When I hear the present board talking about taking all this time plan a school, me that's foot dragging, because I know if you...if you've got to move, you can move. And our folks did it. I had good help. And they got out...the teachers and the small staff that I had and we got it done. Busses...I...I knew to...had to have forty six more buses. And I knew that I could not put forty six buses in the 1970 or '71 budget...county budget. So I went to the state and said, "I...I'm in a heap of trouble, I've got to have some buses."

And they said, "Well what we'll do, is assign the extra busses that are in good shape from surrounding counties and get you forty six buses. And you promise us that you will start as fast as the traffic will bear it to replace these buses in the county budget." The normal process is for the state to approve your adding a bus route, and the county buys the first bus, then the state maintains the bus and replaces it when it's worn out. But we had to change that tactic a little bit because I had to have a lot of busses in a hurry.

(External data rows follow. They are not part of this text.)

(* Let $\mathcal A$ be an associative unital algebra, $a_1,\dots,a_4\in\mathcal A$ invertible, $A_i=a_ia_{i+1}a_{i+2}a_{i+3}$ (indices mod $4$), with $1+A_i$ invertible for all $i$, and define $$b_1=(1+A_3^{-1})a_3,\quad b_2=(1+A_4)^{-1}a_4,\quad b_3=(1+A_1^{-1})a_1,\quad b_4=(1+A_2)^{-1}a_2.$$ Then in the cyclic quotient of noncommutative differential forms $$\{a_4,a_1\}-\{a_1,a_2\}+\{a_2,a_3\}-\{a_3,a_4\}=\{b_1,b_2\}-\{b_2,b_3\}+\{b_3,b_4\}-\{b_4,b_1\}.$$ Equivalently, the canonical $2$-form $\Omega_\Gamma$ of a decorated bipartite ribbon graph is invariant under two by two moves.
   Context: $\Omega^\bullet\mathcal A$ is the noncommutative de Rham algebra of $\mathcal A$ (generated by $a\in\mathcal A$ in degree $0$ and $da$ in degree $1$, Leibniz rule, $d^2=0$), and the cyclic quotient is $\Omega^\bullet\mathcal A/[\Omega^\bullet\mathcal A,\Omega^\bullet\mathcal A]$ by graded commutators. For invertible $a,b$, $\{a,b\}$ denotes the class of $da\,db\,b^{-1}a^{-1}$. The formulas for $b_i$ describe the change of edge coordinates under a two by two move of bipartite ribbon graphs. *)

theory Defs
  imports Main "HOL-Library.Poly_Mapping"
begin

definition invertible :: "'a::ring_1 \<Rightarrow> bool" where
  "invertible a \<longleftrightarrow> (\<exists>x. a * x = 1 \<and> x * a = 1)"

definition uinv :: "'a::ring_1 \<Rightarrow> 'a" where
  "uinv a = (SOME x. a * x = 1 \<and> x * a = 1)"

text \<open>Over the ground ring of integers, Omega^2 A is A (x) Abar (x) Abar with Abar = A / Z1;
  the element a0 (x) a1 (x) a2 corresponds to the form a0 da1 da2.\<close>

definition fm :: "'a \<Rightarrow> 'a \<Rightarrow> 'a \<Rightarrow> ('a \<times> 'a \<times> 'a) \<Rightarrow>\<^sub>0 int" where
  "fm a0 a1 a2 = Poly_Mapping.single (a0, a1, a2) 1"

text \<open>The subgroup of relations: those defining Omega^2 (multilinearity, d1 = 0) together with
  graded commutators of degree 2, namely [x, a0 da1 da2] for x in Omega^0 and
  [a0 da1, b0 db1] = (a0 da1)(b0 db1) + (b0 db1)(a0 da1), products being put into normal form
  by the Leibniz rule.  Quotienting by it yields Omega^2 A / [Omega A, Omega A] in degree 2.\<close>

inductive_set cyc_rel :: "(('a::ring_1 \<times> 'a \<times> 'a) \<Rightarrow>\<^sub>0 int) set" where
  zero: "0 \<in> cyc_rel"
| diff: "x \<in> cyc_rel \<Longrightarrow> y \<in> cyc_rel \<Longrightarrow> x - y \<in> cyc_rel"
| add0: "fm (a + a') b c - fm a b c - fm a' b c \<in> cyc_rel"
| add1: "fm a (b + b') c - fm a b c - fm a b' c \<in> cyc_rel"
| add2: "fm a b (c + c') - fm a b c - fm a b c' \<in> cyc_rel"
| unit1: "fm a 1 c \<in> cyc_rel"
| unit2: "fm a b 1 \<in> cyc_rel"
| comm02: "fm (x * a0) a1 a2 - (fm a0 a1 (a2 * x) - fm a0 (a1 * a2) x + fm (a0 * a1) a2 x) \<in> cyc_rel"
| comm11: "fm a0 (a1 * b0) b1 - fm (a0 * a1) b0 b1 + fm b0 (b1 * a0) a1 - fm (b0 * b1) a0 a1 \<in> cyc_rel"

definition cyc_eq :: "(('a::ring_1 \<times> 'a \<times> 'a) \<Rightarrow>\<^sub>0 int) \<Rightarrow> (('a \<times> 'a \<times> 'a) \<Rightarrow>\<^sub>0 int) \<Rightarrow> bool" where
  "cyc_eq x y \<longleftrightarrow> x - y \<in> cyc_rel"

text \<open>The form da db c in normal form: da d(bc) - d(ab) dc + a db dc.\<close>
definition dd_times :: "'a::ring_1 \<Rightarrow> 'a \<Rightarrow> 'a \<Rightarrow> ('a \<times> 'a \<times> 'a) \<Rightarrow>\<^sub>0 int" where
  "dd_times a b c = fm 1 a (b * c) - fm 1 (a * b) c + fm a b c"

text \<open>{a,b} = da db b^-1 a^-1 (a representative of its class).\<close>
definition curly :: "'a::ring_1 \<Rightarrow> 'a \<Rightarrow> ('a \<times> 'a \<times> 'a) \<Rightarrow>\<^sub>0 int" where
  "curly a b = dd_times a b (uinv b * uinv a)"

end

theory Submission
  imports Defs HOL.Modules
begin

(* Write tr x a y b for the class of x da y db.  It is additive in each argument, obeys the
   Leibniz rule in both differentials and is graded cyclic, tr x a y b = - tr y b x a.  With
   i_k = a_k^-1 and u = (1 + A_1)^-1, the new coordinates b_k and their inverses are
   noncommutative polynomials in the a_k, i_k and u.  Expanding {b, c} = tr (c^-1 b^-1) b 1 c by
   these rules, moving differentials off the i_k and u via d(v^-1) = - v^-1 dv v^-1, and reducing
   words with u A_1 = 1 - u brings both sides to the same normal form. *)

lemma cyc_rel_uminus: "x \<in> cyc_rel \<Longrightarrow> - x \<in> cyc_rel"
  using cyc_rel.diff[OF cyc_rel.zero] by fastforce

lemma cyc_rel_add: "x \<in> cyc_rel \<Longrightarrow> y \<in> cyc_rel \<Longrightarrow> x + y \<in> cyc_rel"
  using cyc_rel.diff[of x "- y"] cyc_rel_uminus[of y] by simp

lemma equivp_cyc_eq: "equivp cyc_eq"
proof (rule equivpI)
  show "reflp cyc_eq" by (simp add: reflp_def cyc_eq_def cyc_rel.zero)
  show "symp cyc_eq" unfolding symp_def cyc_eq_def by (metis cyc_rel_uminus minus_diff_eq)
  show "transp cyc_eq" unfolding transp_def cyc_eq_def using cyc_rel_add by fastforce
qed

quotient_type (overloaded) 'a cyc_form = "('a::ring_1 \<times> 'a \<times> 'a) \<Rightarrow>\<^sub>0 int" / cyc_eq
  by (rule equivp_cyc_eq)

instantiation cyc_form :: (ring_1) ab_group_add
begin

lift_definition zero_cyc_form :: "'a cyc_form" is 0 .

lift_definition plus_cyc_form :: "'a cyc_form \<Rightarrow> 'a cyc_form \<Rightarrow> 'a cyc_form" is "(+)"
  unfolding cyc_eq_def using cyc_rel_add by (fastforce simp: algebra_simps)

lift_definition uminus_cyc_form :: "'a cyc_form \<Rightarrow> 'a cyc_form" is uminus
  unfolding cyc_eq_def using cyc_rel_uminus by fastforce

lift_definition minus_cyc_form :: "'a cyc_form \<Rightarrow> 'a cyc_form \<Rightarrow> 'a cyc_form" is "(-)"
  unfolding cyc_eq_def using cyc_rel.diff by (fastforce simp: algebra_simps)

instance
  by standard (transfer; simp add: algebra_simps equivp_reflp[OF equivp_cyc_eq])+

end

lemmas abs_cyc_form_ops = plus_cyc_form.abs_eq[symmetric] minus_cyc_form.abs_eq[symmetric]

lemma abs_cyc_form_eq_0: "r \<in> cyc_rel \<Longrightarrow> abs_cyc_form r = 0"
  by (simp add: zero_cyc_form_def cyc_eq_def cyc_form.abs_eq_iff)

definition dform :: "'a::ring_1 \<Rightarrow> 'a \<Rightarrow> 'a \<Rightarrow> 'a cyc_form" where
  "dform a0 a1 a2 = abs_cyc_form (fm a0 a1 a2)"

So they got me the buses, and got them in shape, and ready to go and gassed up, and oh boy, I had one day to go, and they called me from the bus garage and said, "We've got sand in the gas tanks...

Mims: Ah!

Bellamy: ...of the buses".

Mims: Oh.

Bellamy: So I called my friend Earl Waters at the state department and said "I'm in trouble again; they've just about put me out of business." And I told him what had happened, and he said...said, "I'll be down there in about three hours, don't worry about it." And it...I can see them coming was like an exodus from the surrounding counties...I think some of them came as far away as Goldsboro. He got his folks on the phone, and asked every school system within a reasonable distance, to spare all the mechanics and tools and trucks they could, and send 'em to me.

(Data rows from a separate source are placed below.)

(* Let $S$ be a finite set. The comma category $(k\downarrow *_S)$ is equivalent to the category $\mathrm I_S$ whose objects are connected graphs with set of outer flags equal to $S$, and whose morphisms $\Gamma\to\Gamma'$ are graph morphisms which are composites of isomorphisms and contractions of non-loop edges (i.e. spanning-forest contractions) and whose flag map restricts to the identity on $S$.
   Context: A graph $\Gamma=(F,V,\partial,\imath)$ consists of finite sets $F$ (flags) and $V$ (vertices), a map $\partial:F\to V$ and an involution $\imath$ of $F$; 2-element orbits of $\imath$ are edges, fixed points are outer flags. A graph morphism $\phi:\Gamma\to\Gamma'$ is a triple $(\phi_V,\phi^F,\imath_\phi)$ with $\phi_V:V\to V'$ surjective, $\phi^F:F'\to F$ injective and $\imath_\phi$ a fixed-point-free involution of $F\setminus\phi^F(F')$, such that $\phi_V\partial\phi^F=\partial'$, $\phi_V\partial(f)=\phi_V\partial(\imath_\phi f)$ for $f\notin\phi^F(F')$, each $f\notin\phi^F(F')$ either lies on an edge $\{f,\imath f\}$ with $\imath_\phi f=\imath f$ or $f,\imath_\phi f$ are outer flags, and $\imath\phi^F(f')=\phi^F\imath'(f')$ whenever $\phi^F(f')$ lies on an edge. The simple contraction of an edge $\{s,t\}$ with $\partial s\neq\partial t$ is (quotient $V\to V/(\partial s\sim\partial t)$, inclusion $F\setminus\{s,t\}\hookrightarrow F$, $\imath_\phi(s)=t$). An aggregate is a graph with $\imath=\mathrm{id}$; $*_S$ is the one-vertex aggregate with flags $S$. For distinct outer flags $s,t$ of an aggregate, the virtual edge (if $\partial s\ne\partial t$) resp. loop (if $\partial s=\partial t$) contraction is the morphism (quotient $V\to V/(\partial s\sim\partial t)$, inclusion $F\setminus\{s,t\}\hookrightarrow F$, $\imath_\phi(s)=t$). $\mathrm{Agg}^{\rm ctd}$: aggregates with morphisms generated by isomorphisms and virtual edge and loop contractions; $\mathrm{Agg}^{\rm forest}$: generated by isomorphisms and virtual edge contractions; $k$ the inclusion. The comma category $(k\downarrow *_S)$ has objects pairs $(X,\phi)$ with $X$ an aggregate and $\phi:X\to *_S$ in $\mathrm{Agg}^{\rm ctd}$, and morphisms $\psi:X\to X'$ in $\mathrm{Agg}^{\rm forest}$ with $\phi'\psi=\phi$. *)

theory Defs
  imports Main
begin

record ('f,'v) graph =
  flags :: "'f set"
  verts :: "'v set"
  bd    :: "'f \<Rightarrow> 'v"
  gi    :: "'f \<Rightarrow> 'f"

record ('f,'v) gmor =
  mV :: "'v \<Rightarrow> 'v"
  mF :: "'f \<Rightarrow> 'f"
  mI :: "'f \<Rightarrow> 'f"

text \<open>Well-formed graph; values outside the carriers are fixed to undefined,
  so that graphs and morphisms are determined by their carrier data.\<close>
definition wf_graph :: "('f,'v) graph \<Rightarrow> bool" where
  "wf_graph G \<longleftrightarrow> finite (flags G) \<and> finite (verts G) \<and>
     (\<forall>f\<in>flags G. bd G f \<in> verts G \<and> gi G f \<in> flags G \<and> gi G (gi G f) = f) \<and>
     (\<forall>f. f \<notin> flags G \<longrightarrow> bd G f = undefined \<and> gi G f = undefined)"

definition outer_flags :: "('f,'v) graph \<Rightarrow> 'f set" where
  "outer_flags G = {f\<in>flags G. gi G f = f}"

definition aggregate :: "('f,'v) graph \<Rightarrow> bool" where
  "aggregate G \<longleftrightarrow> wf_graph G \<and> (\<forall>f\<in>flags G. gi G f = f)"

definition adj :: "('f,'v) graph \<Rightarrow> ('v \<times> 'v) set" where
  "adj G = {(bd G f, bd G (gi G f)) | f. f \<in> flags G \<and> gi G f \<noteq> f}"

definition connected_graph :: "('f,'v) graph \<Rightarrow> bool" where
  "connected_graph G \<longleftrightarrow> wf_graph G \<and> verts G \<noteq> {} \<and>
     (\<forall>v\<in>verts G. \<forall>w\<in>verts G. (v,w) \<in> (adj G)\<^sup>*)"

definition star :: "'f set \<Rightarrow> 'v \<Rightarrow> ('f,'v) graph" where
  "star S v0 = \<lparr> flags = S, verts = {v0},
     bd = (\<lambda>f. if f \<in> S then v0 else undefined),
     gi = (\<lambda>f. if f \<in> S then f else undefined) \<rparr>"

And they showed up a drove and they took those gas tanks off and poured the gas out in barrels and cleaned out the tanks and filled 'em up and got 'em ready to go. In the meantime, the police, of course were ready to make sure that didn't happen again. And we got back in business. I remember, I said, "What do I do to thank these people? They just saved my life! What do I say to 'em?"

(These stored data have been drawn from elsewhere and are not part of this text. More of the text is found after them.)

lemma sum_eq_sum_mass_at:
  fixes a :: "nat \<Rightarrow> 'c::semiring_0"
  assumes "finite D" "d ` {..<m} \<subseteq> D"
  shows "(\<Sum>i<m. a i * P (d i)) = (\<Sum>t\<in>D. mass_at m d a t * P t)"
proof -
  have "(\<Sum>t\<in>D. mass_at m d a t * P t) = (\<Sum>t\<in>D. \<Sum>i<m. if d i = t then a i * P t else 0)"
    unfolding mass_at_def sum_distrib_right by (intro sum.cong) auto
  also have "\<dots> = (\<Sum>i<m. \<Sum>t\<in>D. if d i = t then a i * P t else 0)"
    by (rule sum.swap)
  also have "\<dots> = (\<Sum>i<m. a i * P (d i))"
    using assms by (intro sum.cong) (auto simp: sum.delta)
  finally show ?thesis ..
qed

text \<open>Test with a hat function supported just beyond the smallest point with a nonzero
  coefficient.\<close>
lemma coefficients_eq_0_if_test_sums_eq_0:
  fixes P :: "real \<Rightarrow> (real \<Rightarrow> real) \<Rightarrow> real" and c :: "real \<Rightarrow> real"
  assumes D: "finite D" "D \<subseteq> {0..}"
    and sums_0: "\<And>\<Lambda>. continuous_on UNIV \<Lambda> \<Longrightarrow> (\<And>t. \<Lambda> t \<ge> 0) \<Longrightarrow> \<exists>R. \<forall>t\<ge>R. \<Lambda> t = 0 \<Longrightarrow>
        (\<Sum>t\<in>D. c t * P t \<Lambda>) = 0"
    and vanish: "\<And>s \<Lambda>. s \<ge> 0 \<Longrightarrow> \<forall>t\<ge>s. \<Lambda> t = 0 \<Longrightarrow> P s \<Lambda> = 0"
    and pos: "\<And>s \<Lambda> R. s \<ge> 0 \<Longrightarrow> continuous_on UNIV \<Lambda> \<Longrightarrow> (\<And>t. \<Lambda> t \<ge> 0) \<Longrightarrow> \<Lambda> s > 0 \<Longrightarrow>
        \<forall>t\<ge>R. \<Lambda> t = 0 \<Longrightarrow> P s \<Lambda> > 0"
    and "t \<in> D"
  shows "c t = 0"
proof (rule ccontr)
  assume "c t \<noteq> 0"
  define e where "e = Min {t\<in>D. c t \<noteq> 0}"
  have "e \<in> D" "c e \<noteq> 0"
    using Min_in[of "{t\<in>D. c t \<noteq> 0}"] D(1) \<open>t \<in> D\<close> \<open>c t \<noteq> 0\<close> by (auto simp: e_def)
  have below_e: "c s = 0" if "s \<in> D" "s < e" for s
  proof (rule ccontr)
    assume "c s \<noteq> 0"
    then have "e \<le> s" unfolding e_def using that(1) D(1) by (intro Min_le) auto
    then show False using that(2) by simp
  qed
  define e' where "e' = Min (insert (e + 1) {t\<in>D. t > e})"
  have "e < e'" and above_e: "\<And>t. t \<in> D \<Longrightarrow> t > e \<Longrightarrow> e' \<le> t"
    using D(1) by (auto simp: e'_def)
  define \<Lambda> where "\<Lambda> t = max 0 (e' - t)" for t
  have cont: "continuous_on UNIV \<Lambda>" unfolding \<Lambda>_def by (intro continuous_intros)
  have nonneg: "\<And>t. \<Lambda> t \<ge> 0" and supp: "\<forall>t\<ge>e'. \<Lambda> t = 0" by (auto simp: \<Lambda>_def)
  have "(\<Sum>t\<in>D. c t * P t \<Lambda>) = c e * P e \<Lambda> + (\<Sum>t\<in>D - {e}. c t * P t \<Lambda>)"
    using D(1) \<open>e \<in> D\<close> by (simp add: sum.remove)
  also have "(\<Sum>t\<in>D - {e}. c t * P t \<Lambda>) = 0"
  proof (intro sum.neutral ballI)
    fix t assume t: "t \<in> D - {e}"
    show "c t * P t \<Lambda> = 0"
    proof (cases "t < e")
      case False
      then have "e' \<le> t" using above_e t by auto
      then have "\<forall>s\<ge>t. \<Lambda> s = 0" using supp by auto
      then show ?thesis using vanish[of t \<Lambda>] t D(2) by auto
    qed (use below_e t in simp)
  qed
  finally have "c e * P e \<Lambda> = 0"
    using sums_0[OF cont nonneg] supp by simp blast
  moreover have "\<Lambda> e > 0" using \<open>e < e'\<close> by (simp add: \<Lambda>_def)
  then have "P e \<Lambda> > 0"
    using pos[OF _ cont nonneg _ supp] \<open>e \<in> D\<close> D(2) by auto
  ultimately show False using \<open>c e \<noteq> 0\<close> by simp
qed

lemma reindex_if_mass_at_eq:
  fixes a a' :: "nat \<Rightarrow> 'c::comm_monoid_add"
  assumes d: "inj_on d {..<m}" and a: "\<And>i. i < m \<Longrightarrow> a i \<noteq> 0"
    and mass: "\<And>t. mass_at m d a t = mass_at m d' a' t"
  shows "\<exists>\<sigma>. bij_betw \<sigma> {..<m} {..<m} \<and> (\<forall>j<m. d' j = d (\<sigma> j) \<and> a' j = a (\<sigma> j))"
proof -
  have "d i \<in> d' ` {..<m}" if "i < m" for i
  proof (rule ccontr)
    assume "d i \<notin> d' ` {..<m}"
    then have "mass_at m d' a' (d i) = 0" by (rule mass_at_eq_0)
    then show False using mass[of "d i"] mass_at_inj_on[where a = a, OF d that] a[OF that] by simp
  qed
  then have "d ` {..<m} \<subseteq> d' ` {..<m}" by auto
  moreover have "card (d' ` {..<m}) \<le> card (d ` {..<m})"
    using card_image_le[of "{..<m}" d'] d by (simp add: card_image)
  ultimately have image_eq: "d' ` {..<m} = d ` {..<m}"
    by (intro card_seteq[symmetric]) auto
  then have d': "bij_betw d' {..<m} (d ` {..<m})"
    using d by (simp add: bij_betw_def eq_card_imp_inj_on card_image)
  define \<sigma> where "\<sigma> = inv_into {..<m} d \<circ> d'"
  have \<sigma>: "bij_betw \<sigma> {..<m} {..<m}"
    unfolding \<sigma>_def by (rule bij_betw_trans[OF d' bij_betw_inv_into[OF inj_on_imp_bij_betw[OF d]]])
  have d_\<sigma>: "d (\<sigma> j) = d' j" if "j < m" for j
    unfolding \<sigma>_def comp_def by (rule f_inv_into_f) (use image_eq that in blast)
  have a_\<sigma>: "a' j = a (\<sigma> j)" if "j < m" for j
  proof -
    have "a' j = mass_at m d' a' (d' j)"
      using that d' by (simp add: mass_at_inj_on bij_betw_def)
    also have "\<dots> = mass_at m d a (d (\<sigma> j))" using mass d_\<sigma>[OF that] by simp
    also have "\<dots> = a (\<sigma> j)"
      using bij_betw_apply[OF \<sigma>] that by (intro mass_at_inj_on[OF d]) blast
    finally show ?thesis .
  qed
  show ?thesis using \<sigma> d_\<sigma> a_\<sigma> by (intro exI[of _ \<sigma>]) simp
qed

lemma smt_delta_sum:
  fixes \<theta> :: "nat \<Rightarrow> 'a::euclidean_space"
  assumes "\<forall>k<m. norm (\<theta> k) = 1" and "\<Lambda> \<in> borel_measurable borel"
  shows "smt_dist y (delta_sum m a \<theta> \<rho>) \<Lambda>
       = (\<Sum>k<m. a k * radial_integral (DIM('a) - 1) \<bar>y \<bullet> \<theta> k - \<rho> k\<bar> \<Lambda>)"
proof -
  have "hyperplane_delta (\<theta> k) (\<rho> k) (\<lambda>z. \<Lambda> (norm (y - z)))
      = radial_integral (DIM('a) - 1) \<bar>y \<bullet> \<theta> k - \<rho> k\<bar> \<Lambda>" if "k < m" for k
    using hyperplane_delta_radial_integral[OF _ assms(2)] assms(1) that by blast
  then show ?thesis
    unfolding smt_dist_def delta_sum_def by (intro sum.cong) simp_all
qed

lemma smt_delta_sum_determines_distances:
  fixes \<theta> \<theta>' :: "nat \<Rightarrow> 'a::euclidean_space" and y :: 'a
  assumes units: "\<forall>k<m. norm (\<theta> k) = 1" "\<forall>k<m. norm (\<theta>' k) = 1"
    and inj: "inj_on (\<lambda>k. \<bar>y \<bullet> \<theta> k - \<rho> k\<bar>) {..<m}" and a: "\<And>k. k < m \<Longrightarrow> a k \<noteq> 0"
    and smt_eq: "\<forall>\<Lambda>. test_fn \<Lambda> \<longrightarrow>
        smt_dist y (delta_sum m a \<theta> \<rho>) \<Lambda> = smt_dist y (delta_sum m a' \<theta>' \<rho>') \<Lambda>"
  shows "\<exists>\<sigma>. bij_betw \<sigma> {..<m} {..<m} \<and>
           (\<forall>k<m. \<bar>y \<bullet> \<theta>' k - \<rho>' k\<bar> = \<bar>y \<bullet> \<theta> (\<sigma> k) - \<rho> (\<sigma> k)\<bar> \<and> a' k = a (\<sigma> k))"
proof -
  define d where "d = (\<lambda>k. \<bar>y \<bullet> \<theta> k - \<rho> k\<bar>)"
  define d' where "d' = (\<lambda>k. \<bar>y \<bullet> \<theta>' k - \<rho>' k\<bar>)"
  define D where "D = d ` {..<m} \<union> d' ` {..<m}"
  have "mass_at m d a t - mass_at m d' a' t = 0" if "t \<in> D" for t
  proof (rule coefficients_eq_0_if_test_sums_eq_0[where c = "\<lambda>t. mass_at m d a t - mass_at m d' a' t",
        OF _ _ _ radial_integral_eq_0 radial_integral_pos])
    show "finite D" "D \<subseteq> {0..}" by (auto simp: D_def d_def d'_def)
    fix \<Lambda> :: "real \<Rightarrow> real"
    assume cont: "continuous_on UNIV \<Lambda>" and "\<exists>R. \<forall>t\<ge>R. \<Lambda> t = 0"
    then have "test_fn \<Lambda>" by (auto simp: test_fn_def intro: continuous_on_subset)
    then have "smt_dist y (delta_sum m a \<theta> \<rho>) \<Lambda> = smt_dist y (delta_sum m a' \<theta>' \<rho>') \<Lambda>"
      using smt_eq by blast
    then have "(\<Sum>k<m. a k * radial_integral (DIM('a) - 1) (d k) \<Lambda>)
        = (\<Sum>k<m. a' k * radial_integral (DIM('a) - 1) (d' k) \<Lambda>)"
      unfolding d_def d'_def borel_measurable_continuous_onI[OF cont, THEN smt_delta_sum[OF units(1)]]
        borel_measurable_continuous_onI[OF cont, THEN smt_delta_sum[OF units(2)]] .
    moreover have "(\<Sum>k<m. a k * radial_integral (DIM('a) - 1) (d k) \<Lambda>)
        = (\<Sum>t\<in>D. mass_at m d a t * radial_integral (DIM('a) - 1) t \<Lambda>)"
      and "(\<Sum>k<m. a' k * radial_integral (DIM('a) - 1) (d' k) \<Lambda>)
        = (\<Sum>t\<in>D. mass_at m d' a' t * radial_integral (DIM('a) - 1) t \<Lambda>)"
      by (rule sum_eq_sum_mass_at; force simp: D_def)+
    ultimately show "(\<Sum>t\<in>D. (mass_at m d a t - mass_at m d' a' t) * radial_integral (DIM('a) - 1) t \<Lambda>) = 0"
      by (simp add: left_diff_distrib sum_subtractf)
  qed (use that in auto)
  moreover have "mass_at m d a t = 0" "mass_at m d' a' t = 0" if "t \<notin> D" for t
    using that by (simp_all add: mass_at_eq_0 D_def)
  ultimately have "mass_at m d a t = mass_at m d' a' t" for t
    by (metis eq_iff_diff_eq_0)
  then show ?thesis
    using reindex_if_mass_at_eq[of d m a d' a'] inj a unfolding d_def d'_def by blast
qed

lemma smt_delta_sum_distances_eq_along_weights:
  fixes \<theta> \<theta>' :: "nat \<Rightarrow> 'a::euclidean_space" and y :: 'a
  assumes "\<forall>k<m. norm (\<theta> k) = 1" "\<forall>k<m. norm (\<theta>' k) = 1"
    and "inj_on (\<lambda>k. \<bar>y \<bullet> \<theta> k - \<rho> k\<bar>) {..<m}"
    and "\<forall>\<Lambda>. test_fn \<Lambda> \<longrightarrow>
        smt_dist y (delta_sum m a \<theta> \<rho>) \<Lambda> = smt_dist y (delta_sum m a' \<theta>' \<rho>') \<Lambda>"
    and a: "\<And>k. k < m \<Longrightarrow> a k \<noteq> 0" "inj_on a {..<m}"
    and \<sigma>: "bij_betw \<sigma> {..<m} {..<m}" "\<forall>k<m. a' k = a (\<sigma> k)"
  shows "\<forall>k<m. \<bar>y \<bullet> \<theta>' k - \<rho>' k\<bar> = \<bar>y \<bullet> \<theta> (\<sigma> k) - \<rho> (\<sigma> k)\<bar>"
proof -
  obtain \<tau> where \<tau>: "bij_betw \<tau> {..<m} {..<m}"
    "\<forall>k<m. \<bar>y \<bullet> \<theta>' k - \<rho>' k\<bar> = \<bar>y \<bullet> \<theta> (\<tau> k) - \<rho> (\<tau> k)\<bar> \<and> a' k = a (\<tau> k)"
    using smt_delta_sum_determines_distances[OF assms(1-3) a(1) assms(4)] by blast
  have "\<tau> k = \<sigma> k" if "k < m" for k
    using inj_onD[OF a(2), of "\<tau> k" "\<sigma> k"] \<tau> \<sigma> that bij_betwE by fastforce
  then show ?thesis using \<tau>(2) by simp
qed

lemma card_points_on_hyperplane_le:
  assumes "no_hyperplane_contains_more n N y" and "w \<noteq> 0 \<or> c \<noteq> 0"
  shows "card {j. j < N \<and> y j \<bullet> w = c} \<le> n"
proof (cases "w = 0")
  case True
  then show ?thesis using assms(2) by simp
qed (use assms(1) in \<open>simp add: no_hyperplane_contains_more_def\<close>)

lemma abs_inner_diff_eq_iff:
  fixes y \<theta> \<theta>' :: "'a::real_inner"
  shows "\<bar>y \<bullet> \<theta> - \<rho>\<bar> = \<bar>y \<bullet> \<theta>' - \<rho>'\<bar> \<longleftrightarrow>
           y \<bullet> (\<theta> - \<theta>') = \<rho> - \<rho>' \<or> y \<bullet> (\<theta> + \<theta>') = \<rho> + \<rho>'"
  by (auto simp: abs_eq_iff inner_diff_right inner_add_right)

lemma hyperplane_eq_if_distances_agree:
  assumes no_hp: "no_hyperplane_contains_more n N y" and "\<rho> > 0" "\<rho>' > 0"
    and "G \<subseteq> {..<N}" "card G > 2 * n"
    and agree: "\<And>j. j \<in> G \<Longrightarrow> \<bar>y j \<bullet> \<theta> - \<rho>\<bar> = \<bar>y j \<bullet> \<theta>' - \<rho>'\<bar>"
  shows "\<theta> = \<theta>' \<and> \<rho> = \<rho>'"
proof (rule ccontr)
  define A where "A = {j. j < N \<and> y j \<bullet> (\<theta> - \<theta>') = \<rho> - \<rho>'}"
  define B where "B = {j. j < N \<and> y j \<bullet> (\<theta> + \<theta>') = \<rho> + \<rho>'}"
  assume "\<not> (\<theta> = \<theta>' \<and> \<rho> = \<rho>')"
  then have card_A: "card A \<le> n"
    unfolding A_def by (intro card_points_on_hyperplane_le[OF no_hp]) auto
  have card_B: "card B \<le> n"
    unfolding B_def using \<open>\<rho> > 0\<close> \<open>\<rho>' > 0\<close> by (intro card_points_on_hyperplane_le[OF no_hp]) auto
  have "G \<subseteq> A \<union> B"
    using agree \<open>G \<subseteq> {..<N}\<close> by (auto simp: A_def B_def abs_inner_diff_eq_iff)
  then have "card G \<le> card (A \<union> B)" by (intro card_mono) (simp_all add: A_def B_def)
  also have "\<dots> \<le> card A + card B" by (rule card_Un_le)
  finally show False using card_A card_B \<open>card G > 2 * n\<close> by linarith
qed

He said, "I'll tell you one thing you can do...," said, "most these people are farmers and they can drain...put that gas through a strainer and use it in their tractors." I said, "Well, be my guest." So the boys, who were farmers who were also mechanics in North Carolina, took the gas and used it. But that was a...just a wonderful help that came from the surrounding counties...that put me back in business with the busses.

Mims: Did they ever find out who did this?

Bellamy: No. No.

Mims: Hum.

Bellamy: We had...we had a number of fires in those days. Somebody, a year or two later, tried to burn down New Hanover, but that's an exercise in futility. New Hanover High School is built like a fortress. Those rooms are...are made of interlocking concrete blocks, so they...they blackened a couple of rooms and the hall, and we had to portion off that blackened area, and move around it, but it didn't stop school.

Mims: Is this when we lost Hemenway School?

Bellamy: '71, May of '71. I had a call that...from the fire department that it was on fire and so I rushed down, and by that time, the building was...not built for fire safety. It was one of the old traditional elementary buildings...had at one time...had the wooden staircase in the center and the auditorium upstairs. That had been changed around to try to make it a little more fire proof and the towers put on the ends to make that a little safer for students to be there, but it was pretty much engulfed.

The fire chief, Mr. Millinor, ask me when I showed up...he said, "I'm not gonna save the building, I can't do it, but is there any one place you'd like for me to try to save?" And I pointed out, I was standing at Fifth and Chestnut, and I said, "Yes, try to save that...this corner facing us because that's where all the money is...the paychecks and the payroll records, and all of that." So he tried very hard to save that, but couldn't. I did get a...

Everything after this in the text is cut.